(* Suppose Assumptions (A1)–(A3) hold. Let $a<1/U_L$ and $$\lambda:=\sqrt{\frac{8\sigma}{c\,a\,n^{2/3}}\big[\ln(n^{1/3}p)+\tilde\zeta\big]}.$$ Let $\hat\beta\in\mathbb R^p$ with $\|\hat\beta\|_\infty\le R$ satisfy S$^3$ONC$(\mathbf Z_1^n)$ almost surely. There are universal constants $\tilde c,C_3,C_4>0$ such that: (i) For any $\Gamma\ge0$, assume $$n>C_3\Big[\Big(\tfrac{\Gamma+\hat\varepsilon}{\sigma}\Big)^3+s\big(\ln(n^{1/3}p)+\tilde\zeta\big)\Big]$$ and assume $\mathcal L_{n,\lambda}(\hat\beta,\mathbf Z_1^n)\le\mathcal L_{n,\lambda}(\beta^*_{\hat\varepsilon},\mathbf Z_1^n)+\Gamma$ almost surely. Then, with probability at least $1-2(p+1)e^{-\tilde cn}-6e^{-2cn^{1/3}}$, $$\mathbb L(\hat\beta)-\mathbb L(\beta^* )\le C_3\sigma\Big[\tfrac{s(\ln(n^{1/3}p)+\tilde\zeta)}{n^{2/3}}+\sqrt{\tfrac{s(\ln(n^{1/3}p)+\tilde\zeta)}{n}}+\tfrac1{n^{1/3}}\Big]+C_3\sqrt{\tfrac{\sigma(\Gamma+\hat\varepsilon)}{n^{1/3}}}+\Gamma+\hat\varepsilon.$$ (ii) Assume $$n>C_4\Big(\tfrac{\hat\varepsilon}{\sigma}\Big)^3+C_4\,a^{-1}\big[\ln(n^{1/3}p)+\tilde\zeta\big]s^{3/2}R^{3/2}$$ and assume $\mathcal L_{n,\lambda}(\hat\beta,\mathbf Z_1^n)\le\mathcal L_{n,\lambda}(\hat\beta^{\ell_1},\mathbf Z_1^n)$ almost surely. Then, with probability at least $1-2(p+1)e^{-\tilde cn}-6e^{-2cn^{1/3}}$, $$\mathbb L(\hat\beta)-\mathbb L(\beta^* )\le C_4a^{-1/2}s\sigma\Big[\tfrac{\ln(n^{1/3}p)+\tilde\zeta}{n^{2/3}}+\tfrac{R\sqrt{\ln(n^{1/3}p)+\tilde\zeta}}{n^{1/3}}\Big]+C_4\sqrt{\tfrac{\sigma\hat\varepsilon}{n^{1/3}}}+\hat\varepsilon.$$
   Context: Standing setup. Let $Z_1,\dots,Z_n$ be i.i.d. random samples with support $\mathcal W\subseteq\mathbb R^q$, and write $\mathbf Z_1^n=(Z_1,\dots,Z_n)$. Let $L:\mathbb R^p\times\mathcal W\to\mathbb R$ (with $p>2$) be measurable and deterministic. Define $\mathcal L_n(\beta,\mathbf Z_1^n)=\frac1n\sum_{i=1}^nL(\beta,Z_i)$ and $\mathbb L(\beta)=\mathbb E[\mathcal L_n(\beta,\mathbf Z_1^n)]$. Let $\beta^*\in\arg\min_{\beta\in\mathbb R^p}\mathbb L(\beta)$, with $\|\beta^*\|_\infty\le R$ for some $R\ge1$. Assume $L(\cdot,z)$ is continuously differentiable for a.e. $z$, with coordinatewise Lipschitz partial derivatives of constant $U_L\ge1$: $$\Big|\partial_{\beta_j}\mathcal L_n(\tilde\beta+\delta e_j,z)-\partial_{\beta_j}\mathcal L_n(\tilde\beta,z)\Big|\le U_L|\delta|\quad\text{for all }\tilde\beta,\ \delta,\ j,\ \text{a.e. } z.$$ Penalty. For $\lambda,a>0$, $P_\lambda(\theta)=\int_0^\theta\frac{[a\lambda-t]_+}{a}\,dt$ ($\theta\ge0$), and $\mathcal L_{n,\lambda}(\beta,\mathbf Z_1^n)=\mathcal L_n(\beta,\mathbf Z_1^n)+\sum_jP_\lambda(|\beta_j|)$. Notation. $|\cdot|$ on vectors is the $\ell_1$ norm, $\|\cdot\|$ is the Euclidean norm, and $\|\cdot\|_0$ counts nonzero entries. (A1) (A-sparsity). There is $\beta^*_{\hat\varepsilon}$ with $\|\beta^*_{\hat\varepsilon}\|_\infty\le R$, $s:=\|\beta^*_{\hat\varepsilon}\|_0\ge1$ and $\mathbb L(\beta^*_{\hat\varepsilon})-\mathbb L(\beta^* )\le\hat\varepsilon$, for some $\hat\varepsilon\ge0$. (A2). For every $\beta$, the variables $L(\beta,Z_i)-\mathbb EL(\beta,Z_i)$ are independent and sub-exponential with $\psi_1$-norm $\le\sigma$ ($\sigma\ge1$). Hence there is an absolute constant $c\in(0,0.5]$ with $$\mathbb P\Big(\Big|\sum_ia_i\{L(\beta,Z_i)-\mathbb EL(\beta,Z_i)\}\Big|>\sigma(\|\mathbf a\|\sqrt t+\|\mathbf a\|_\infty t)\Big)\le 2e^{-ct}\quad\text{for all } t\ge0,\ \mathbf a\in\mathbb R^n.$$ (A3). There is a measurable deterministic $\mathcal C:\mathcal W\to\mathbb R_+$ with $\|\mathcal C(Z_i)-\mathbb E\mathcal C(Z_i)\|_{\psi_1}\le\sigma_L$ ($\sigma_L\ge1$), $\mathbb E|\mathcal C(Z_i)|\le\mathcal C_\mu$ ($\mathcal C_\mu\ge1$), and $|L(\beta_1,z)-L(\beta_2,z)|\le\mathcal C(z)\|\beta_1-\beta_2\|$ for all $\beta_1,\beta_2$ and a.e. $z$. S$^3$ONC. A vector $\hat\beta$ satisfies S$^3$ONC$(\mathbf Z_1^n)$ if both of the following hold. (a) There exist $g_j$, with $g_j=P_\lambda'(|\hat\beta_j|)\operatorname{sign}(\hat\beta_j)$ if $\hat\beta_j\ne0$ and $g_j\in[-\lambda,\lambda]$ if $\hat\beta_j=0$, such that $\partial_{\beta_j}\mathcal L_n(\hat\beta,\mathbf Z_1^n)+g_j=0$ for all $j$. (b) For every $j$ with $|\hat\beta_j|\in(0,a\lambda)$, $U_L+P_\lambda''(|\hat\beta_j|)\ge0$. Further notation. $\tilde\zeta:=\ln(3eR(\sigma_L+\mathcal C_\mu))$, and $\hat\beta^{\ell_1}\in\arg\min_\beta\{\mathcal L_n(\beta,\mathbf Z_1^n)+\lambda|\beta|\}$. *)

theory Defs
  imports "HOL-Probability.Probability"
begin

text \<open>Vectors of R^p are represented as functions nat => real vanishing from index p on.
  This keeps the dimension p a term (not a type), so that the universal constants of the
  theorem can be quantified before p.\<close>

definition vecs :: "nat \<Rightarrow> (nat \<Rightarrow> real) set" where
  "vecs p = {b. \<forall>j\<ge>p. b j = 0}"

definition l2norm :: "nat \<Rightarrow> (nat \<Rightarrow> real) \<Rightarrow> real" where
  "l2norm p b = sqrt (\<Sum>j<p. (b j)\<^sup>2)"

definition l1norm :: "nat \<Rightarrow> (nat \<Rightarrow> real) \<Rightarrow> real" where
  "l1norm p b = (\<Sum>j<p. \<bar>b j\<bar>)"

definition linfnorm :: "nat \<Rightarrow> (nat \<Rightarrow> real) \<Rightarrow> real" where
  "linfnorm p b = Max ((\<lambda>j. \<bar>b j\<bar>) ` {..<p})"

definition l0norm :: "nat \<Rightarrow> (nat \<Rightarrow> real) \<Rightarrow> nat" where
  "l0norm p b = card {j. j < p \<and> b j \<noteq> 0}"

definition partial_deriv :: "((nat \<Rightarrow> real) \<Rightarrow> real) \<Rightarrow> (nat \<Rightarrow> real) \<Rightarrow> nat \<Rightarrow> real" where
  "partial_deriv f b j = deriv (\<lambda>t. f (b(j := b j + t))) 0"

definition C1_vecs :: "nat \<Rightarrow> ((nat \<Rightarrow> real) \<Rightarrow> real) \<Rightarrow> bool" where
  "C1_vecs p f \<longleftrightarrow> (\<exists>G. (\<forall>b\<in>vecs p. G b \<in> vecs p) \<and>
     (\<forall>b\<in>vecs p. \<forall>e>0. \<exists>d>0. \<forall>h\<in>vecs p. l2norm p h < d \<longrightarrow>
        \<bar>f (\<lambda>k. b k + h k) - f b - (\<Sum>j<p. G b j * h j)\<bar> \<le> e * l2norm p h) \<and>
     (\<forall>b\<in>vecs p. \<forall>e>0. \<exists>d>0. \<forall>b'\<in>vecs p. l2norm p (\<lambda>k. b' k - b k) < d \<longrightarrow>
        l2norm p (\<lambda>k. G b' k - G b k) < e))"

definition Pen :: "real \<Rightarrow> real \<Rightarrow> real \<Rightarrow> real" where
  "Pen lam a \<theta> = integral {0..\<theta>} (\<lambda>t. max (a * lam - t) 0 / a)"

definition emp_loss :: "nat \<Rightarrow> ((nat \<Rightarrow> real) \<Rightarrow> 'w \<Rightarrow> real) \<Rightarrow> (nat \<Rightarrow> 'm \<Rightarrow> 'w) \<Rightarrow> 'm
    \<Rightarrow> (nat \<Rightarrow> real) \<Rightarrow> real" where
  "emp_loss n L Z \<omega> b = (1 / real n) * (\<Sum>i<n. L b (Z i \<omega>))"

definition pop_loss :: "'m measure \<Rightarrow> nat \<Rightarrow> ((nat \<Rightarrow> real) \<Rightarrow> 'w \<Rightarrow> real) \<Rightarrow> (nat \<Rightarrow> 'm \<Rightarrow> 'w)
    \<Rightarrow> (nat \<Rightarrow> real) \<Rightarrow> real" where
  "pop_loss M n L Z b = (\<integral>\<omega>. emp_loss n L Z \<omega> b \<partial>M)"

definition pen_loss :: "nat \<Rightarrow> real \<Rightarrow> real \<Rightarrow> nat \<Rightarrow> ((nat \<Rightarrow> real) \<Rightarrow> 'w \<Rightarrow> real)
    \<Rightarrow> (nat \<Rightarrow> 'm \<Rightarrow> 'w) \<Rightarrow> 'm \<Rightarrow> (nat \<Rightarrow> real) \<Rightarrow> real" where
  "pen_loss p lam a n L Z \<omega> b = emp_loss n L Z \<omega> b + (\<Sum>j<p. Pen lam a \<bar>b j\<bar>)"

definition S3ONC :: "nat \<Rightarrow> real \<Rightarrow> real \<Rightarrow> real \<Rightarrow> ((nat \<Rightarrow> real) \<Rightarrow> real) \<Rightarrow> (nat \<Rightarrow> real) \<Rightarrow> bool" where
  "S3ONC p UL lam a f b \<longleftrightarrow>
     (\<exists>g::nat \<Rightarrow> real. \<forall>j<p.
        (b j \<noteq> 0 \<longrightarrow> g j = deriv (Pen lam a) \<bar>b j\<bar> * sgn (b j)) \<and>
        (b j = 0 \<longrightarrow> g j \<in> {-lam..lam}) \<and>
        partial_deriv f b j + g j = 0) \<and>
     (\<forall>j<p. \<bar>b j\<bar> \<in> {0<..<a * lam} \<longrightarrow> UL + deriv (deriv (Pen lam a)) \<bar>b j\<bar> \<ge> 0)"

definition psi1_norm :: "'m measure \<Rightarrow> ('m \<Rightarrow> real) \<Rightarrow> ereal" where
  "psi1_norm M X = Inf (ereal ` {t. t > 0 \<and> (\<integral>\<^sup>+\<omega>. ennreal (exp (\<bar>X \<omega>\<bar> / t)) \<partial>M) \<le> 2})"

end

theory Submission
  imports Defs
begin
****************
- Work required
Your task is to retype the entries verbatim, starting with the line that holds "vecs p) \<and>" and stopping after the line that holds "lam a \<theta>".

- Completed task
  "C1_vecs p f \<longleftrightarrow> (\<exists>G. (\<forall>b\<in>vecs p. G b \<in> vecs p) \<and>
     (\<forall>b\<in>vecs p. \<forall>e>0. \<exists>d>0. \<forall>h\<in>vecs p. l2norm p h < d \<longrightarrow>
        \<bar>f (\<lambda>k. b k + h k) - f b - (\<Sum>j<p. G b j * h j)\<bar> \<le> e * l2norm p h) \<and>
     (\<forall>b\<in>vecs p. \<forall>e>0. \<exists>d>0. \<forall>b'\<in>vecs p. l2norm p (\<lambda>k. b' k - b k) < d \<longrightarrow>
        l2norm p (\<lambda>k. G b' k - G b k) < e))"

definition Pen :: "real \<Rightarrow> real \<Rightarrow> real \<Rightarrow> real" where
  "Pen lam a \<theta> = integral {0..\<theta>} (\<lambda>t. max (a * lam - t) 0 / a)"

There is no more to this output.